[Work task]
Report every line of the material that contains the string "noteq".

------------------------------

lemma inv_Gsd_eq_self:
  assumes "x \<in> carrier Gsd" "x \<otimes>\<^bsub>Gsd\<^esub> x = \<one>\<^bsub>Gsd\<^esub>"
  shows "inv\<^bsub>Gsd\<^esub> x = x"
  using group.inv_equality[OF group_Gsd] assms by blast

lemma ftilde_in_centralizer_ftilde:
  assumes "clopen_set F"
  shows "ftilde F \<in> centralizer_of Gsd (ftilde A)"
proof -
  have "sym_diff F A = sym_diff A F"
    by blast
  then show ?thesis
    using assms by (simp add: centralizer_of_def ftilde_in_carrier[unfolded ftilde_def] ftilde_def mult_Gsd)
qed

lemma conj_by_ftilde:
  assumes "clopen_set F" "bij k"
  shows "inv\<^bsub>Gsd\<^esub> (ftilde F) \<otimes>\<^bsub>Gsd\<^esub> (k, cls B) \<otimes>\<^bsub>Gsd\<^esub> ftilde F
           = (k, cls (sym_diff (sym_diff (k -` F) B) F))"
proof -
  have "inv\<^bsub>Gsd\<^esub> (ftilde F) = ftilde F"
    using assms(1) by (intro inv_Gsd_eq_self) (simp_all add: ftilde_in_carrier[unfolded ftilde_def] ftilde_def mult_Gsd one_Gsd)
  then show ?thesis
    using assms(2) by (simp add: ftilde_def mult_Gsd)
qed

lemma perm_in_centralizer_ftilde:
  assumes "g \<in> S2inf" "g -` A = A"
  shows "(g, cls {}) \<in> centralizer_of Gsd (ftilde A)"
  using assms by (simp add: centralizer_of_def pair_in_carrier_Gsd clopen_set_empty ftilde_def
      mult_Gsd S2inf_bij)

lemma conj_by_involution:
  assumes "g \<in> S2inf" "g \<circ> g = id"
  shows "inv\<^bsub>Gsd\<^esub> (g, cls {}) \<otimes>\<^bsub>Gsd\<^esub> ftilde B \<otimes>\<^bsub>Gsd\<^esub> (g, cls {}) = ftilde (g -` B)"
proof -
  have "inv\<^bsub>Gsd\<^esub> (g, cls {}) = (g, cls {})"
    using assms by (intro inv_Gsd_eq_self) (simp_all add: pair_in_carrier_Gsd clopen_set_empty
        mult_Gsd one_Gsd S2inf_bij)
  then show ?thesis
    using assms by (simp add: ftilde_def mult_Gsd S2inf_bij)
qed

lemma cylinder_conjugates_distinct:
  assumes k: "bij k" "acts_on_prefix n k" and x0: "k x0 \<noteq> x0" and "m \<noteq> m'"
  defines "C \<equiv> \<lambda>j. {x. (\<forall>i<n. x i = k x0 i) \<and> x (n + j)}"
  shows "cls (sym_diff (sym_diff (k -` C m) B) (C m)) \<noteq>
    cls (sym_diff (sym_diff (k -` C m') B) (C m'))"
proof (rule cls_neqI)
  have k_off_C: "k x \<notin> C j" if "\<forall>i<n. x i = k x0 i" for x j
  proof
    assume "k x \<in> C j"
    then have "\<forall>i<n. k x i = k x0 i"
      by (simp add: C_def)
    then have "\<forall>i<n. x i = x0 i"
      by (simp add: acts_on_prefix_agree_iff[OF k])
    then have "k x0 = x0"
      using that acts_on_prefix_fixpoint_iff[OF k(2)] by simp
    with x0 show False ..
  qed
  let ?x = "\<lambda>i. if i = n + m then True else if i = n + m' then False else k x0 i"
  have "?x \<in> C m" "?x \<notin> C m'" "k ?x \<notin> C m" "k ?x \<notin> C m'"
    using \<open>m \<noteq> m'\<close> k_off_C[of ?x] by (auto simp: C_def)
  then show "(?x \<in> sym_diff (sym_diff (k -` C m) B) (C m)) \<noteq>
      (?x \<in> sym_diff (sym_diff (k -` C m') B) (C m'))"
    by auto
  let ?y = "\<lambda>i. False"
  have "k ?y (n + j) = False" for j
    using acts_on_prefix_fixes_tail[OF k(2)] by simp
  then show "(?y \<in> sym_diff (sym_diff (k -` C m) B) (C m)) =
      (?y \<in> sym_diff (sym_diff (k -` C m') B) (C m'))"
    by (simp add: C_def)
qed

lemma fpc_ftilde_perm_part_eq_id:
  assumes "(k, F) \<in> fpc Gsd (ftilde A)"
  shows "k = id"
proof (rule ccontr)
  assume "k \<noteq> id"
  then obtain x0 where x0: "k x0 \<noteq> x0"
    by (metis eq_id_iff)
  have "(k, F) \<in> carrier Gsd"
    using assms by (simp add: fpc_def)
  then obtain B where F: "F = cls B" and "k \<in> S2inf"
    by (auto simp: carrier_Gsd_iff)
  then obtain n where k: "bij k" "acts_on_prefix n k"
    by (auto simp: S2inf_iff)
  define C where "C m = {x. (\<forall>i<n. x i = k x0 i) \<and> x (n + m)}" for m
  define P where "P m = sym_diff (sym_diff (k -` C m) B) (C m)" for m
  have "prefix_determined (n + m + 1) (C m)" for m
    unfolding prefix_determined_def C_def by auto
  then have C_clopen: "clopen_set (C m)" for m
    by (rule prefix_determined_imp_clopen_set)
  have "inj (\<lambda>m. (k, cls (P m)))"
    using cylinder_conjugates_distinct[OF k x0] unfolding inj_def P_def C_def by blast
  moreover have "\<exists>t \<in> centralizer_of Gsd (ftilde A).
      inv\<^bsub>Gsd\<^esub> t \<otimes>\<^bsub>Gsd\<^esub> (k, F) \<otimes>\<^bsub>Gsd\<^esub> t = (k, cls (P m))" for m
    unfolding F P_def using ftilde_in_centralizer_ftilde[OF C_clopen] conj_by_ftilde[OF C_clopen k(1)]
    by (intro bexI[of _ "ftilde (C m)"])
  ultimately have "(k, F) \<notin> fpc Gsd (ftilde A)"
    by (rule not_in_fpcI)
  with assms show False
    by contradiction
qed

definition prefix_swap :: "nat \<Rightarrow> cantor \<Rightarrow> cantor \<Rightarrow> nat \<Rightarrow> cantor \<Rightarrow> cantor" where
  "prefix_swap n p q j x =
     (if x j \<and> (\<forall>i<n. x i = p i) then (\<lambda>i. if i < n then q i else x i)
      else if x j \<and> (\<forall>i<n. x i = q i) then (\<lambda>i. if i < n then p i else x i)
      else x)"

lemma prefix_swap_cases:
  fixes x :: cantor and j n :: nat and p q :: cantor
  obtains
    (from_p) "x j" "\<forall>i<n. x i = p i" "prefix_swap n p q j x = (\<lambda>i. if i < n then q i else x i)"
  | (from_q) "x j" "\<forall>i<n. x i = q i" "\<not> (\<forall>i<n. x i = p i)"
      "prefix_swap n p q j x = (\<lambda>i. if i < n then p i else x i)"
  | (fixed) "prefix_swap n p q j x = x"
proof (cases "x j \<and> (\<forall>i<n. x i = p i)")
  case True
  then show thesis
    by (intro from_p) (simp_all add: prefix_swap_def)
next
  case not_p: False
  show thesis
  proof (cases "x j \<and> (\<forall>i<n. x i = q i)")
    case True
    have "prefix_swap n p q j x = (\<lambda>i. if i < n then p i else x i)"
      unfolding prefix_swap_def by (simp only: if_not_P[OF not_p] if_P[OF True])
    with True not_p show thesis
      by (intro from_q) simp_all
  next
    case False
    have "prefix_swap n p q j x = x"
      unfolding prefix_swap_def by (simp only: if_not_P[OF not_p] if_not_P[OF False])
    then show thesis
      by (rule fixed)
  qed
qed

lemma prefix_swap_vimage_eq:
  assumes A: "prefix_determined n A" and pq: "p \<in> A \<longleftrightarrow> q \<in> A"
  shows "prefix_swap n p q j -` A = A"
proof -
  have "prefix_swap n p q j x \<in> A \<longleftrightarrow> x \<in> A" for x
  proof (cases rule: prefix_swap_cases[of x j n p q])
    case from_p
    then have "prefix_swap n p q j x \<in> A \<longleftrightarrow> q \<in> A" "x \<in> A \<longleftrightarrow> p \<in> A"
      using prefix_determinedD[OF A, of "prefix_swap n p q j x" q] prefix_determinedD[OF A, of x p]
      by simp_all
    with pq show ?thesis
      by simp
  next
    case from_q
    then have "prefix_swap n p q j x \<in> A \<longleftrightarrow> p \<in> A" "x \<in> A \<longleftrightarrow> q \<in> A"
      using prefix_determinedD[OF A, of "prefix_swap n p q j x" p] prefix_determinedD[OF A, of x q]
      by simp_all
    with pq show ?thesis
      by simp
  qed simp
  then show ?thesis
    by blast
qed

------------------------------

[Answer box]
  assumes k: "bij k" "acts_on_prefix n k" and x0: "k x0 \<noteq> x0" and "m \<noteq> m'"
  shows "cls (sym_diff (sym_diff (k -` C m) B) (C m)) \<noteq>
    using \<open>m \<noteq> m'\<close> k_off_C[of ?x] by (auto simp: C_def)
  then show "(?x \<in> sym_diff (sym_diff (k -` C m) B) (C m)) \<noteq>
  assume "k \<noteq> id"
  then obtain x0 where x0: "k x0 \<noteq> x0"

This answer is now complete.